**What the task requires:**
Which lines of the data below hold "utilities"? Copy each of them.

**Source data:**

┄┄┄┄┄┄┄┄┄┄

definition decision_map :: "nat \<Rightarrow> (nat set \<Rightarrow> real) \<Rightarrow> ((nat \<Rightarrow> real) \<Rightarrow> nat set) \<Rightarrow> bool" where
  "decision_map n v X \<longleftrightarrow> (\<forall>p. nonneg_prices n p \<longrightarrow> X p \<in> demand n v p)"

definition seller_util :: "((nat \<Rightarrow> real) \<Rightarrow> nat set) \<Rightarrow> nat \<Rightarrow> (nat \<Rightarrow> real) \<Rightarrow> real" where
  "seller_util X i p = (if i \<in> X p then p i else 0)"

definition joint :: "nat \<Rightarrow> (nat \<Rightarrow> real measure) \<Rightarrow> (nat \<Rightarrow> real) measure" where
  "joint n mu = PiM {..<n} mu"

text \<open>Mixed Nash equilibrium: independent prices (product law), each a probability
  distribution on the Borel reals concentrated on [0,\<infinity>); expected utilities are
  well-defined (measurable utilities, which are bounded by v(N)), and no unilateral
  deviation to a deterministic price p_i' \<ge> 0 is profitable.\<close>
definition mixed_NE ::
  "nat \<Rightarrow> ((nat \<Rightarrow> real) \<Rightarrow> nat set) \<Rightarrow> (nat \<Rightarrow> real measure) \<Rightarrow> bool" where
  "mixed_NE n X mu \<longleftrightarrow>
     (\<forall>i<n. prob_space (mu i) \<and> sets (mu i) = sets borel \<and> (AE x in mu i. 0 \<le> x)) \<and>
     (\<forall>i<n. seller_util X i \<in> borel_measurable (joint n mu) \<and>
        (\<forall>x\<ge>0. (\<lambda>q. seller_util X i (q(i := x))) \<in> borel_measurable (joint n mu) \<and>
            (\<integral>q. seller_util X i (q(i := x)) \<partial>joint n mu)
              \<le> (\<integral>q. seller_util X i q \<partial>joint n mu)))"

end

theory Submission imports Defs begin

text \<open>A seller pricing strictly below the buyer's marginal value for its service is always
  bought from: below \<open>v({i} | X(p))\<close> by comparing the two demanded bundles, and below
  \<open>v({i} | N - {i})\<close> by diminishing marginal values. So a deviation to a price
  \<open>y < v({i} | N - {i})\<close> earns exactly \<open>y\<close>, and the equilibrium payoff is at least
  \<open>v({i} | N - {i})\<close>. By Fubini over the independent prices, the equilibrium payoff is the
  average of the deviation payoffs over seller \<open>i\<close>'s own strategy, so almost every price in
  that strategy is a best response; none of them can lie below \<open>v({i} | N - {i})\<close>.
  If the equilibrium payoff is \<open>0\<close>, every positive (rational) deviation earns \<open>0\<close> almost
  surely, which is impossible wherever \<open>v({i} | X(p)) > 0\<close>.\<close>

lemma decision_map_subset:
  assumes "decision_map n v X" "nonneg_prices n p"
  shows "X p \<subseteq> {..<n}"
  using assms unfolding decision_map_def demand_def by blast

lemma decision_map_optimal:
  assumes "decision_map n v X" "nonneg_prices n p" "T \<subseteq> {..<n}"
  shows "v T - sum p T \<le> v (X p) - sum p (X p)"
  using assms unfolding decision_map_def demand_def by blast

lemma nonneg_prices_fun_upd: "nonneg_prices n p \<Longrightarrow> 0 \<le> x \<Longrightarrow> nonneg_prices n (p(i := x))"
  unfolding nonneg_prices_def by auto

lemma marg_le_price_if_not_bought:
  assumes dm: "decision_map n v X" and p: "nonneg_prices n p" and i: "i < n" "i \<notin> X p"
  shows "marg v {i} (X p) \<le> p i"
proof -
  have S: "X p \<subseteq> {..<n}" using decision_map_subset[OF dm p] .
  then have "v (insert i (X p)) - sum p (insert i (X p)) \<le> v (X p) - sum p (X p)"
    using decision_map_optimal[OF dm p] i by simp
  moreover have "sum p (insert i (X p)) = p i + sum p (X p)"
    using finite_subset[OF S finite_lessThan] i by simp
  ultimately show ?thesis unfolding marg_def by simp
qed

lemma submodular_marg_antimono:
  assumes sm: "submodular_val n v" and ST: "S \<subseteq> T" "T \<subseteq> {..<n}" and i: "i < n" "i \<notin> T"
  shows "marg v {i} T \<le> marg v {i} S"
proof -
  have "S \<union> {i} \<subseteq> {..<n}" using ST i by auto
  then have "v ((S \<union> {i}) \<union> T) + v ((S \<union> {i}) \<inter> T) \<le> v (S \<union> {i}) + v T"
    using sm ST unfolding submodular_val_def by blast
  moreover have "(S \<union> {i}) \<union> T = T \<union> {i}" "(S \<union> {i}) \<inter> T = S" using ST i by auto
  ultimately show ?thesis unfolding marg_def by simp
qed

lemma bought_if_price_below_marg_top:
  assumes dm: "decision_map n v X" and sm: "submodular_val n v"
    and p: "nonneg_prices n p" and i: "i < n"
    and x: "0 \<le> x" "x < marg v {i} ({..<n} - {i})"
  shows "i \<in> X (p(i := x))"
proof (rule ccontr)
  let ?p = "p(i := x)"
  assume not_bought: "i \<notin> X ?p"
  have p': "nonneg_prices n ?p" using nonneg_prices_fun_upd[OF p x(1)] .
  have "marg v {i} ({..<n} - {i}) \<le> marg v {i} (X ?p)"
    using submodular_marg_antimono[OF sm, of "X ?p" "{..<n} - {i}"]
      decision_map_subset[OF dm p'] not_bought i by auto
  also have "\<dots> \<le> ?p i" using marg_le_price_if_not_bought[OF dm p' i not_bought] .
  finally show False using x(2) by simp
qed

lemma bought_if_price_below_marg:
  assumes dm: "decision_map n v X" and p: "nonneg_prices n p" and i: "i < n"
    and x: "0 \<le> x" "x < marg v {i} (X p)"
  shows "i \<in> X (p(i := x))"
proof (rule ccontr)
  let ?p = "p(i := x)"
  assume not_bought: "i \<notin> X ?p"
  have p': "nonneg_prices n ?p" using nonneg_prices_fun_upd[OF p x(1)] .
  have not_in_bundle: "i \<notin> X p"
  proof
    assume "i \<in> X p"
    then have "marg v {i} (X p) = 0" unfolding marg_def by (simp add: insert_absorb)
    with x show False by simp
  qed
  have S': "X ?p \<subseteq> {..<n}" and S: "X p \<subseteq> {..<n}"
    using decision_map_subset[OF dm] p p' by blast+
  have "v (insert i (X p)) - sum ?p (insert i (X p)) \<le> v (X ?p) - sum ?p (X ?p)"
    using decision_map_optimal[OF dm p'] S i by simp
  moreover have "sum ?p (insert i (X p)) = x + sum p (X p)"
  proof -
    have "sum ?p (insert i (X p)) = ?p i + sum ?p (X p)"
      using finite_subset[OF S finite_lessThan] not_in_bundle by (rule sum.insert)
    also have "sum ?p (X p) = sum p (X p)" using not_in_bundle by (auto intro!: sum.cong)
    finally show ?thesis by simp
  qed
  moreover have "sum ?p (X ?p) = sum p (X ?p)"
    using not_bought by (auto intro!: sum.cong)
  moreover have "v (X ?p) - sum p (X ?p) \<le> v (X p) - sum p (X p)"
    using decision_map_optimal[OF dm p S'] .
  ultimately have "marg v {i} (X p) \<le> x" unfolding marg_def by simp
  with x(2) show False by simp
qed

lemma seller_util_bounds:
  assumes val: "valuation n v" and mon: "monotone_val n v"
    and dm: "decision_map n v X" and p: "nonneg_prices n p"
  shows "0 \<le> seller_util X i p" and "seller_util X i p \<le> v {..<n}"
proof -
  have S: "X p \<subseteq> {..<n}" using decision_map_subset[OF dm p] .
  have vN: "0 \<le> v {..<n}" using val unfolding valuation_def by simp
  show "0 \<le> seller_util X i p"
    using S p by (auto simp: seller_util_def nonneg_prices_def)
  show "seller_util X i p \<le> v {..<n}"
  proof (cases "i \<in> X p")
    case True
    have "v (X p - {i}) - sum p (X p - {i}) \<le> v (X p) - sum p (X p)"
      using decision_map_optimal[OF dm p] S by blast
    moreover have "sum p (X p) = p i + sum p (X p - {i})"
      using True S finite_subset by (metis finite_lessThan sum.remove)
    moreover have "0 \<le> v (X p - {i})" using val S unfolding valuation_def by blast
    moreover have "v (X p) \<le> v {..<n}" using mon S unfolding monotone_val_def by blast
    ultimately show ?thesis using True by (simp add: seller_util_def)
  qed (use vN in \<open>simp add: seller_util_def\<close>)
qed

┄┄┄┄┄┄┄┄┄┄

**Your response:**
  distribution on the Borel reals concentrated on [0,\<infinity>); expected utilities are
  well-defined (measurable utilities, which are bounded by v(N)), and no unilateral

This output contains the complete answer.